By Nandita Bose
WASHINGTON (Reuters) – Walmart Inc will meet large consumer goods companies and advertising firms for the first time in New York next week to pitch its advertising business, as the world’s largest retailer aims to rev up its website and stores as a platform for other companies to reach customers.
The event marks Walmart’s first effort to grow its nascent advertising business and heralds the retailer’s rising challenge to online ad leaders Alphabet Inc’s Google, Facebook Inc and Amazon.com Inc.
The event, called “5260,” is named after a Walmart store near the retailer’s hometown of Bentonville, Arkansas, which is known for being a test lab for retail innovation, Walmart told Reuters.
It is likely to be attended by hundreds of companies ranging from Procter & Gamble, Unilever and Coca Cola to Mattel, Glaxosmithkline and NBC Universal, multiple sources familiar with the matter told Reuters. The country’s top marketing and advertising firms are also likely to be in attendance, the sources, who did not wish to be named, added.
Walmart declined to name the attendees.
Walmart’s pitch will be simple: encourage some of the biggest advertisers to shift their spending to Walmart and away from rivals like Google, Facebook Inc and Amazon. And Walmart says that its massive customer base and data on what shoppers purchase give it a compelling edge.
As consumer behavior has shifted, a growing number of shoppers now begin their product searches on Amazon instead of Google, forcing companies to move their ad budgets to Amazon – a significant change that bodes well for Walmart.
Walmart heralded its ambitions at its shareholder meeting last year when Chief Executive Doug McMillon said, “We have a tiny ad business. … It could be bigger.”
Since then, Walmart has bought its website advertising in-house, consolidated ad sales for its stores and website under the Walmart Media Group and acquired a startup called Polymorph Labs to boost the business.
The move could help Walmart shore up sales and margins at a time when revenue is likely to come under stress from tariffs on Chinese imports, and margins are under pressure from its billions of dollars in e-commerce investments.
Stefanie Jay, vice president and general manager of Walmart Media Group, told Reuters the company’s “core differentiator” is that its ad offerings are informed not just by online purchase behavior and intent but also by data on what people are buying in stores before and after they see an ad, something its online rivals are unable to see.

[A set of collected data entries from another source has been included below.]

(* (Work in $\mathsf{ZFC}$.) Let $\mathcal S$ be a countable vocabulary of function symbols and predicate symbols of finite arity, containing the binary predicate symbols $=,\neq,\in,\notin$. Let $T$ be a set of $\Sigma(L_{\omega\omega}(\mathcal S))$ conditionals and let $\chi\Rightarrow\chi'$ be a $\Sigma(L_{\omega\omega}(\mathcal S))$ conditional. Then either $\chi\Rightarrow\chi'$ has a finitary positivistic proof from the axioms of $T$ together with the logical axioms (L1)–(L23) listed below, or there is an admissible structure $M$ that models every conditional of $T$ but in which, for some assignment of elements to the free variables, $\chi$ holds and $\chi'$ fails. Logical axioms (here free and bound variables are kept distinct: $x,y$ denote bound variables, $a$ a free variable, $r,s,t$ terms, $\phi,\psi,\chi$ arbitrary $\Sigma$ formulas, and $\phi^x_t$ denotes substitution of $t$ for $x$): (L1) $\phi\Rightarrow\top$; (L2) $\bot\Rightarrow\psi$; (L3) $\phi\wedge\psi\Rightarrow\phi$; (L4) $\phi\wedge\psi\Rightarrow\psi$; (L5) $\phi\Rightarrow\phi\wedge\phi$; (L6) $\phi\Rightarrow\phi\vee\psi$; (L7) $\psi\Rightarrow\phi\vee\psi$; (L8) $\psi\vee\psi\Rightarrow\psi$; (L9) $(\phi\vee\psi)\wedge\chi\Rightarrow(\phi\wedge\chi)\vee(\psi\wedge\chi)$; (L10) $\phi^x_t\Rightarrow\exists x\,\phi$; (L11) $\exists y\,\psi\Rightarrow\psi$; (L12) $\chi\wedge\exists y\,\phi\Rightarrow\exists y\,(\chi\wedge\phi)$; (L13) $t\in s\wedge\forall x\in s\,\phi\Rightarrow\phi^x_t$; (L14) $\psi\Rightarrow\forall y\in s\,(\psi\wedge y\in s)$; (L15) $\forall y\in s\,(\chi\vee\phi)\Rightarrow\chi\vee\forall y\in s\,\phi$; (L16) $\top\Rightarrow s\in t\vee s\notin t$; (L17) $s\in t\wedge s\notin t\Rightarrow\bot$; (L18) $\top\Rightarrow s=t\vee s\neq t$; (L19) $s=t\wedge s\neq t\Rightarrow\bot$; (L20) $\top\Rightarrow t=t$; (L21) $s=t\Rightarrow t=s$; (L22) $r=s\wedge s=t\Rightarrow r=t$; (L23) $s=t\wedge\phi^a_s\Rightarrow\phi^a_t$.
   Context: $\Sigma(L_{\omega\omega}(\mathcal S))$ formulas: built from atomic formulas of $\mathcal S$ (including the logical constants $\top,\bot$; the symbols $\neq,\notin$ are primitive predicate symbols, not abbreviations) using binary conjunction $\wedge$, binary disjunction $\vee$, bounded universal quantification $\forall x\in t\,\phi$ ($t$ a term), and unbounded existential quantification $\exists x\,\phi$; there is no negation and no implication. A conditional is an expression $\phi\Rightarrow\psi$ with $\phi,\psi$ $\Sigma$ formulas. An application of a conditional $\phi(v_1,\dots,v_n)\Rightarrow\psi(v_1,\dots,v_n)$ (where $v_1,\dots,v_n$ include its free variables) is a pair $(\chi_0,\chi_1)$ of $\Sigma$ formulas such that $\chi_1$ is obtained from $\chi_0$ by replacing one occurrence of a subformula of the form $\phi(t_1,\dots,t_n)$ by $\psi(t_1,\dots,t_n)$, where the terms $t_i$ may contain variables bound in $\chi_0$ ("deep inference"). A finitary positivistic proof of $\chi\Rightarrow\chi'$ from a set of conditionals (axioms) is a finite sequence $\chi_0=\chi,\chi_1,\dots,\chi_n=\chi'$ of $\Sigma$ formulas such that each $(\chi_i,\chi_{i+1})$ is an application of some axiom. An admissible structure for $\mathcal S$ is a structure in which $=$ is genuine equality, $\neq$ is interpreted as the complement of $=$, and $\notin$ as the complement of the interpretation of $\in$. A structure models a conditional $\phi\Rightarrow\psi$ if it satisfies the universal closure of $\phi\to\psi$. *)

theory Defs
  imports Main "HOL-Library.Countable"
begin

text \<open>Function symbols range over a countable
type 'f (constants are 0-ary function symbols); the predicate symbols are the
four distinguished binary symbols =, ~=, in, notin together with the
symbols of a countable type 'p.  Arities are given by functions
arF :: 'f => nat and arP :: 'p => nat.\<close>

datatype 'p psym = PEq | PNeq | PIn | PNin | PRel 'p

Eighty-seven percent of shopping in the United States still happens in stores, she said.
Over 300 million customers visit Walmart’s stores every month, and over 300 million shopped with Walmart online as recently as January, drawing in more shoppers than Amazon, Google and Facebook, according to research firms.
“Advertisers are always looking for that complete picture to better understand where they should spend their ad dollars,” Jay said.
Walmart’s ad offerings will include sponsored search and display ads, which drive awareness and engagement. Jay said Walmart will add video ads this year.
Along with Jay, other senior Walmart executives attending the event include Steve Bratspies, chief merchandising officer; Janey Whiteside, chief customer officer; and Charles Redfield, executive vice president of food for Walmart U.S.
The opportunity for Walmart will be capitalizing on the share Google is losing, consultants said. Although spending on Google search ads continues to grow and is expected to be up 17% this year to $40 billion, Google’s market share is expected to slip to 71% by 2020 as Amazon grows, according to research firm Marketer.
Even so, Walmart faces an uphill task.
Beyond search ads, Amazon offers display ads, TV-like ads in live sports telecasts and targeted ads to people as they travel around the web.
Amazon’s global digital ad revenue is expected to rise by more than 52% in 2019 to reach $14.03 billion, according to eMarketer. Pivotal Research estimates it will reach $38 billion by 2023.